いつも師匠にボコボコにされるし、アクレットから水は出せないしで辛かった。だけどこうして気づかないうちに成長していることが素直に嬉しい。
「結局アクアリアへは行けそうなんですか?」
「行方不明になってた船のほとんどが見つかったし、原因となっていたゼルフィードが死んだから後は安全が確認されれば行けると思うよ」
俺もすぐに旅ができるほどには体調が回復している訳じゃないし丁度いいかもしれないな。
「シックは体調が戻るまで安静にしてて。その代わりにさ、外食はいいよね?この家のキッチンを借りるのも悪いしさ?」
また飯の話か!というかそれが話したくて最初に飯の話してたのか…?
扉が開いてコンスさんが入ってきた。
「それならワシの娘が作るから、気にせんでいい。ワシと家族を助けてくれたお礼としてはちと少ないかもしれんが」
「ありがとうございます!お願いします!」
師匠が何か言う前に先にお願いした。
師匠が少し残念そうな顔をしている。外食を堪能する絶好のチャンスだと思っていたのだろう。
船に乗る金が無くなるっての!
まあ勝手に財布から金を取って外食するより、ちゃんと聞いてくれたのはいいけど…。
一週間くらいして船が通常通り運行されることが決まり、俺の体も元通りとなったので出発することとなった。
むしろ早く出ていってあげないとコンスさんたちの家計を圧迫してしまう。
最初は沢山食べる師匠にコンスさんの娘さんが喜んでいたが、師匠がおかわりする度に『え?まだ食べるの?』と若干引いていた。
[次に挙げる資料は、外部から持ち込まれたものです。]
(* For every finite non-empty set $S \subseteq \mathbb{R}^m$, we have \[ |\mathcal{D}(\mathrm{pyr}(S))| = |\mathcal{D}(S)| + 2|S| \quad\text{and}\quad \Delta(\mathcal{D}(\mathrm{pyr}(S))) = \Delta(\mathcal{D}(S)). \]
   Context: For a finite set $S\subseteq\mathbb{R}^m$, its difference set is $\mathcal{D}(S) = S - S = \{a-b : a,b\in S\}$, and its pyramid is $\mathrm{pyr}(S) = (S\times\{0\})\cup\{e_{m+1}\}\subseteq\mathbb{R}^{m+1}$, where $e_{m+1}$ is the $(m+1)$-st unit vector. For a finite set $T\subseteq\mathbb{R}^d$, $\Delta(T) = \max\{|\det(T')| : T'\subseteq T,\ |T'|=d\}$, where $\det(T')$ is the determinant of the $d\times d$ matrix whose columns are the elements of $T'$ (so $\Delta(\mathcal{D}(S))$ is taken in dimension $m$ and $\Delta(\mathcal{D}(\mathrm{pyr}(S)))$ in dimension $m+1$). *)

theory Defs
  imports Complex_Main "Jordan_Normal_Form.Determinant"
begin

text \<open>Points of R^k are modelled as functions nat => real vanishing at all indices >= k.\<close>

definition in_Rn :: "nat \<Rightarrow> (nat \<Rightarrow> real) \<Rightarrow> bool" where
  "in_Rn k x \<longleftrightarrow> (\<forall>i\<ge>k. x i = 0)"

definition diffset :: "(nat \<Rightarrow> real) set \<Rightarrow> (nat \<Rightarrow> real) set" where
  "diffset S = {a - b | a b. a \<in> S \<and> b \<in> S}"

text \<open>Unit vector e_{m+1} of R^(m+1) (0-based index m).\<close>
definition unitvec :: "nat \<Rightarrow> (nat \<Rightarrow> real)" where
  "unitvec m = (\<lambda>i. if i = m then 1 else 0)"

definition pyr :: "nat \<Rightarrow> (nat \<Rightarrow> real) set \<Rightarrow> (nat \<Rightarrow> real) set" where
  "pyr m S = ((\<lambda>x. x(m := 0)) ` S) \<union> {unitvec m}"

definition coldet :: "nat \<Rightarrow> (nat \<Rightarrow> (nat \<Rightarrow> real)) \<Rightarrow> real" where
  "coldet d f = det (mat d d (\<lambda>(i, j). f j i))"

text \<open>Delta(T) in dimension d: max |det T'| over d-element subsets T' of T,
  enumerated injectively by {..<d}; the absolute value is independent of the ordering.
  Convention: 0 if T has fewer than d elements.\<close>
definition Delta :: "nat \<Rightarrow> (nat \<Rightarrow> real) set \<Rightarrow> real" where
  "Delta d T = Max (insert 0 {\<bar>coldet d f\<bar> | f. inj_on f {..<d} \<and> f ` {..<d} \<subseteq> T})"

end

theory Submission
  imports Defs
begin

text \<open>Since the points of \<open>S\<close> vanish in coordinate \<open>m\<close>, we have \<open>pyr(S) = S \<union> {e}\<close> with \<open>e = e\<^sub>m\<^sub>+\<^sub>1\<close>,
  so \<open>D(pyr(S))\<close> is the disjoint union of \<open>D(S)\<close>, \<open>e - S\<close> and \<open>S - e\<close>, whose last coordinates are
  \<open>0\<close>, \<open>1\<close> and \<open>-1\<close>. For the determinants: a basis of \<open>D(S)\<close> together with a column \<open>e - s\<close>
  has the same determinant up to sign (expand along the last row). Conversely, if some column
  of a matrix with columns in \<open>D(pyr(S))\<close> has last coordinate \<open>\<plusminus>1\<close>, subtracting suitable
  multiples of it from the other columns turns those into elements of \<open>D(S)\<close>, and expanding
  along the last row leaves an \<open>m \<times> m\<close> minor with columns in \<open>D(S)\<close>.\<close>

lemma coldet_cong:
  assumes "\<And>i j. i < n \<Longrightarrow> j < n \<Longrightarrow> f j i = g j i"
  shows "coldet n f = coldet n g"
proof -
  have "mat n n (\<lambda>(i, j). f j i) = mat n n (\<lambda>(i, j). g j i)"
    by (rule eq_matI) (auto simp: assms)
  then show ?thesis
    unfolding coldet_def by simp
qed

lemma coldet_subtract_column_multiples:
  assumes k: "k < n"
  shows "coldet n (\<lambda>j. if j = k then f k else (\<lambda>i. f j i - c j * f k i)) = coldet n f"
proof -
  let ?h = "\<lambda>t j. if j \<noteq> k \<and> j < t then (\<lambda>i. f j i - c j * f k i) else f j"
  have "coldet n (?h t) = coldet n f" for t
  proof (induction t)
    case 0
    then show ?case by simp
  next
    case (Suc t)
    have "coldet n (?h (Suc t)) = coldet n (?h t)"
    proof (cases "t = k \<or> n \<le> t")
      case True
      then show ?thesis
        by (intro coldet_cong) auto
    next
      case False
      have "mat n n (\<lambda>(i, j). ?h (Suc t) j i) = addcol (- c t) t k (mat n n (\<lambda>(i, j). ?h t j i))"
        by (rule eq_matI) (use False k in auto)
      then show ?thesis
        unfolding coldet_def using False k by (simp del: det_addcol) (rule det_addcol, auto)
    qed
    with Suc show ?case by simp
  qed
  moreover have "coldet n (\<lambda>j. if j = k then f k else (\<lambda>i. f j i - c j * f k i)) = coldet n (?h n)"
    by (intro coldet_cong) auto
  ultimately show ?thesis by simp
qed

lemma coldet_Suc_expand_last_row:
  assumes k: "k \<le> n" and zero: "\<And>j. j \<le> n \<Longrightarrow> j \<noteq> k \<Longrightarrow> g j n = 0"
  shows "coldet (Suc n) g = g k n * (-1) ^ (n + k) * coldet n (\<lambda>j. g (if j < k then j else Suc j))"
proof -
  let ?A = "mat (Suc n) (Suc n) (\<lambda>(i, j). g j i)"
  have "coldet (Suc n) g = (\<Sum>j<Suc n. ?A $$ (n, j) * cofactor ?A n j)"
    unfolding coldet_def by (rule laplace_expansion_row) auto
  also have "\<dots> = (\<Sum>j\<in>{k}. ?A $$ (n, j) * cofactor ?A n j)"
    by (rule sum.mono_neutral_right) (use k zero in auto)
  also have "\<dots> = g k n * cofactor ?A n k"
    using k by simp
  also have "cofactor ?A n k = (-1) ^ (n + k) * coldet n (\<lambda>j. g (if j < k then j else Suc j))"
  proof -
    have "mat_delete ?A n k = mat n n (\<lambda>(i, j). g (if j < k then j else Suc j) i)"
      unfolding mat_delete_def by (rule eq_matI) (use k in auto)
    then show ?thesis
      unfolding cofactor_def coldet_def by simp
  qed
  finally show ?thesis
    by simp
qed

lemma coldet_Suc_zero_last_row:
  assumes "\<And>j. j \<le> n \<Longrightarrow> g j n = 0"
  shows "coldet (Suc n) g = 0"
proof -
  let ?A = "mat (Suc n) (Suc n) (\<lambda>(i, j). g j i)"
  have "coldet (Suc n) g = (\<Sum>j<Suc n. ?A $$ (n, j) * cofactor ?A n j)"
    unfolding coldet_def by (rule laplace_expansion_row) auto
  also have "\<dots> = 0"
    using assms by simp
  finally show ?thesis .
qed

lemma coldet_not_inj_on:
  assumes "\<not> inj_on g {..<n}"
  shows "coldet n g = 0"
proof -
  obtain a b where ab: "a < n" "b < n" "a \<noteq> b" "g a = g b"
    using assms unfolding inj_on_def by auto
  show ?thesis
    unfolding coldet_def by (rule det_identical_columns[of _ n a b]) (use ab in auto)
qed

lemma finite_Delta_candidates:
  assumes "finite T"
  shows "finite {\<bar>coldet d f\<bar> | f. inj_on f {..<d} \<and> f ` {..<d} \<subseteq> T}"
proof (rule finite_subset)
  show "{\<bar>coldet d f\<bar> | f. inj_on f {..<d} \<and> f ` {..<d} \<subseteq> T}
      \<subseteq> (\<lambda>g. \<bar>coldet d g\<bar>) ` PiE {..<d} (\<lambda>_. T)"
  proof clarify
    fix f assume "f ` {..<d} \<subseteq> T"
    then have "restrict f {..<d} \<in> PiE {..<d} (\<lambda>_. T)"
      by auto
    moreover have "coldet d f = coldet d (restrict f {..<d})"
      by (rule coldet_cong) auto
    ultimately show "\<bar>coldet d f\<bar> \<in> (\<lambda>g. \<bar>coldet d g\<bar>) ` PiE {..<d} (\<lambda>_. T)"
      by auto
  qed
  show "finite ((\<lambda>g. \<bar>coldet d g\<bar>) ` PiE {..<d} (\<lambda>_. T))"
    using assms by (simp add: finite_PiE)
qed

lemma Delta_nonneg:
  assumes "finite T"
  shows "0 \<le> Delta d T"
  unfolding Delta_def by (rule Max_ge) (use finite_Delta_candidates[OF assms] in auto)

lemma abs_coldet_le_Delta:
  assumes "finite T" and "f ` {..<d} \<subseteq> T"
  shows "\<bar>coldet d f\<bar> \<le> Delta d T"
proof (cases "inj_on f {..<d}")
  case True
  show ?thesis
    unfolding Delta_def by (rule Max_ge) (use finite_Delta_candidates[OF assms(1)] True assms in auto)
next
  case False
  then show ?thesis
    using coldet_not_inj_on Delta_nonneg[OF assms(1)] by simp
qed

lemma Delta_le:
  assumes "finite T" and "0 \<le> c"
    and "\<And>f. inj_on f {..<d} \<Longrightarrow> f ` {..<d} \<subseteq> T \<Longrightarrow> \<bar>coldet d f\<bar> \<le> c"
  shows "Delta d T \<le> c"
  unfolding Delta_def by (rule Max.boundedI) (use finite_Delta_candidates[OF assms(1)] assms in auto)

lemma finite_diffset: "finite S \<Longrightarrow> finite (diffset S)"
proof -
  assume "finite S"
  have "diffset S = (\<lambda>(a, b). a - b) ` (S \<times> S)"
    unfolding diffset_def by auto
  with \<open>finite S\<close> show ?thesis by simp
qed

lemma diff_in_diffset: "a \<in> S \<Longrightarrow> b \<in> S \<Longrightarrow> a - b \<in> diffset S"
  unfolding diffset_def by auto

lemma diffset_insert:
  assumes "S \<noteq> {}"
  shows "diffset (insert e S) = diffset S \<union> (\<lambda>s. e - s) ` S \<union> (\<lambda>s. s - e) ` S"
proof -
  obtain s where "s \<in> S" using assms by auto
  moreover have "e - e = s - s"
    by (simp add: fun_eq_iff)
  ultimately have "e - e \<in> diffset S"
    using diff_in_diffset by metis
  then show ?thesis
    unfolding diffset_def by blast
qed

context
  fixes m :: nat and S :: "(nat \<Rightarrow> real) set"
  assumes finite_S: "finite S" and S_nonempty: "S \<noteq> {}" and S_in_Rn: "\<forall>x\<in>S. in_Rn m x"
begin

lemma last_coord_eq_0 [simp]: "x \<in> S \<Longrightarrow> x m = 0"
  using S_in_Rn unfolding in_Rn_def by blast

lemma diffset_last_coord_eq_0 [simp]: "v \<in> diffset S \<Longrightarrow> v m = 0"
  unfolding diffset_def by auto

lemma unitvec_last_coord [simp]: "unitvec m m = 1"
  unfolding unitvec_def by simp

lemma pyr_eq_insert: "pyr m S = insert (unitvec m) S"
proof -
  have "x(m := 0) = x" if "x \<in> S" for x
    using that by (auto simp: fun_eq_iff)
  then have "(\<lambda>x. x(m := 0)) ` S = S"
    by simp
  then show ?thesis
    unfolding pyr_def by auto
qed

lemma diffset_pyr:
  "diffset (pyr m S) = diffset S \<union> (\<lambda>s. unitvec m - s) ` S \<union> (\<lambda>s. s - unitvec m) ` S"
  unfolding pyr_eq_insert using S_nonempty by (rule diffset_insert)

lemma diffset_pyr_cases:
  assumes "v \<in> diffset (pyr m S)"
  obtains "v \<in> diffset S"
    | s where "s \<in> S" "v = unitvec m - s"
    | s where "s \<in> S" "v = s - unitvec m"
  using assms unfolding diffset_pyr by blast

lemma finite_diffset_pyr: "finite (diffset (pyr m S))"
  unfolding diffset_pyr using finite_S finite_diffset by blast

lemma card_diffset_pyr: "card (diffset (pyr m S)) = card (diffset S) + 2 * card S"
proof -
  let ?up = "(\<lambda>s. unitvec m - s) ` S" and ?down = "(\<lambda>s. s - unitvec m) ` S"
  have "inj_on (\<lambda>s. unitvec m - s) S" "inj_on (\<lambda>s. s - unitvec m) S"
    by (auto intro!: inj_onI simp: fun_eq_iff)
  then have card_up_down: "card ?up = card S" "card ?down = card S"
    by (simp_all add: card_image)
  have "diffset S \<inter> ?up = {}" "(diffset S \<union> ?up) \<inter> ?down = {}"
    by (fastforce dest: diffset_last_coord_eq_0 fun_cong[of _ _ m])+
  then have "card (diffset S \<union> ?up \<union> ?down) = card (diffset S) + card ?up + card ?down"
    using finite_S finite_diffset by (simp add: card_Un_disjoint)
  then show ?thesis
    unfolding diffset_pyr card_up_down by simp
qed

lemma diffset_pyr_last_coord:
  assumes "v \<in> diffset (pyr m S)" and "v m \<noteq> 0"
  shows "\<bar>v m\<bar> = 1"
  using assms by (cases rule: diffset_pyr_cases) auto

lemma diffset_pyr_eliminate:
  assumes u: "u \<in> diffset (pyr m S)" and v: "v \<in> diffset (pyr m S)" and "v m \<noteq> 0"
  shows "(\<lambda>i. u i - u m * v m * v i) \<in> diffset S"
proof -
  from v \<open>v m \<noteq> 0\<close> obtain b where b: "b \<in> S" "v = unitvec m - b \<or> v = b - unitvec m"
    by (cases rule: diffset_pyr_cases) auto
  from u show ?thesis
  proof (cases rule: diffset_pyr_cases)
    case 1
    then show ?thesis by simp
  next
    case (2 a)
    then have "(\<lambda>i. u i - u m * v m * v i) = b - a"
      using b by (auto simp: fun_eq_iff)
    then show ?thesis
      using diff_in_diffset[OF b(1) \<open>a \<in> S\<close>] by simp
  next
    case (3 a)
    then have "(\<lambda>i. u i - u m * v m * v i) = a - b"
      using b by (auto simp: fun_eq_iff)
    then show ?thesis
      using diff_in_diffset[OF \<open>a \<in> S\<close> b(1)] by simp
  qed
qed

lemma Delta_diffset_le_Delta_diffset_pyr: "Delta m (diffset S) \<le> Delta (Suc m) (diffset (pyr m S))"
proof (rule Delta_le[OF finite_diffset[OF finite_S] Delta_nonneg[OF finite_diffset_pyr]])
  fix g assume "inj_on g {..<m}" and g: "g ` {..<m} \<subseteq> diffset S"
  obtain s where s: "s \<in> S"
    using S_nonempty by auto
  define f where "f = g(m := unitvec m - s)"
  have g_last: "g j m = 0" if "j < m" for j
    using g that by auto
  have "coldet (Suc m) f = f m m * (-1) ^ (m + m) * coldet m (\<lambda>j. f (if j < m then j else Suc j))"
    by (rule coldet_Suc_expand_last_row) (use g_last in \<open>auto simp: f_def\<close>)
  also have "coldet m (\<lambda>j. f (if j < m then j else Suc j)) = coldet m g"
    by (rule coldet_cong) (simp add: f_def)
  moreover have "f m m = 1"
    using s by (simp add: f_def)
  ultimately have "coldet (Suc m) f = coldet m g"
    by simp
  moreover have "f ` {..<Suc m} \<subseteq> diffset (pyr m S)"
    using g s unfolding diffset_pyr by (auto simp: f_def lessThan_Suc)
  ultimately show "\<bar>coldet m g\<bar> \<le> Delta (Suc m) (diffset (pyr m S))"
    using abs_coldet_le_Delta[OF finite_diffset_pyr] by metis
qed

lemma Delta_diffset_pyr_le_Delta_diffset: "Delta (Suc m) (diffset (pyr m S)) \<le> Delta m (diffset S)"
proof (rule Delta_le[OF finite_diffset_pyr Delta_nonneg[OF finite_diffset[OF finite_S]]])
  fix f assume "inj_on f {..<Suc m}" and f: "f ` {..<Suc m} \<subseteq> diffset (pyr m S)"
  show "\<bar>coldet (Suc m) f\<bar> \<le> Delta m (diffset S)"
  proof (cases "\<forall>j\<le>m. f j m = 0")
    case True
    then show ?thesis
      using coldet_Suc_zero_last_row Delta_nonneg[OF finite_diffset[OF finite_S]] by simp
  next
    case False
    then obtain k where k: "k \<le> m" "f k m \<noteq> 0" by auto
    define H where "H = (\<lambda>j. if j = k then f k else (\<lambda>i. f j i - f j m * f k m * f k i))"
    have f_mem: "f j \<in> diffset (pyr m S)" if "j \<le> m" for j
      using f that by (auto simp: image_subset_iff less_Suc_eq_le)
    have H_diffset: "H j \<in> diffset S" if "j \<le> m" "j \<noteq> k" for j
      using diffset_pyr_eliminate[OF f_mem f_mem] that k by (simp add: H_def)
    have "coldet (Suc m) f = coldet (Suc m) H"
      unfolding H_def using k by (subst coldet_subtract_column_multiples) auto
    also have "\<dots> = H k m * (-1) ^ (m + k) * coldet m (\<lambda>j. H (if j < k then j else Suc j))"
      by (rule coldet_Suc_expand_last_row) (use k H_diffset in auto)
    finally have "\<bar>coldet (Suc m) f\<bar> = \<bar>coldet m (\<lambda>j. H (if j < k then j else Suc j))\<bar>"
      using diffset_pyr_last_coord[OF f_mem] k by (simp add: H_def abs_mult power_abs)
    also have "\<dots> \<le> Delta m (diffset S)"
      by (rule abs_coldet_le_Delta[OF finite_diffset[OF finite_S]]) (use H_diffset k in auto)
    finally show ?thesis .
  qed
qed

end

theorem lemma5p4:
  fixes m :: nat and S :: "(nat \<Rightarrow> real) set"
  assumes "finite S" and "S \<noteq> {}" and "\<forall>x\<in>S. in_Rn m x"
  shows "card (diffset (pyr m S)) = card (diffset S) + 2 * card S
    \<and> Delta (Suc m) (diffset (pyr m S)) = Delta m (diffset S)"
  using card_diffset_pyr Delta_diffset_le_Delta_diffset_pyr Delta_diffset_pyr_le_Delta_diffset assms
  by (meson order_antisym)

end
それが理由なのかは分からないが、出ていくときに寂しそうだったカイリ以外はものすごい笑顔で送り出してくれた。早く出ていってくれないかななんて思っていなかったと信じたい。
港に着くと師匠の顔を見るなり、お礼と共に代金はいらないと言われてタダで乗せてくれることになった。
それが目的ではなかったとはいえ、助けて良かったと切実に思う。帰りの船代を稼ぐ必要なくなった訳だし。
船の旅は数日程度のはずだったが、ほとんどやることがないし景色も変わらないし、ずっと暇ですごく長く感じた。
他の乗客や師匠も目が死んでいたから俺だけじゃなかったようだった。
上陸したときずっと船に乗っていたせいで地面が揺れているような錯覚があった。
師匠に案内されるままアクアリアの町を歩き、町の外れの小さな家にたどり着いた。
魔道具師なら店を構えているのが普通だ。そうした看板は見つからずただの民家といった印象を受ける。
師匠がその家の扉をノックする。
「どうぞ」
中から男性とも女性とも思えるような声が聞こえ、中に入っていった。
このすぐ後の話のことを考えたいのにもっと先の話の内容ばかり思いつくんですが。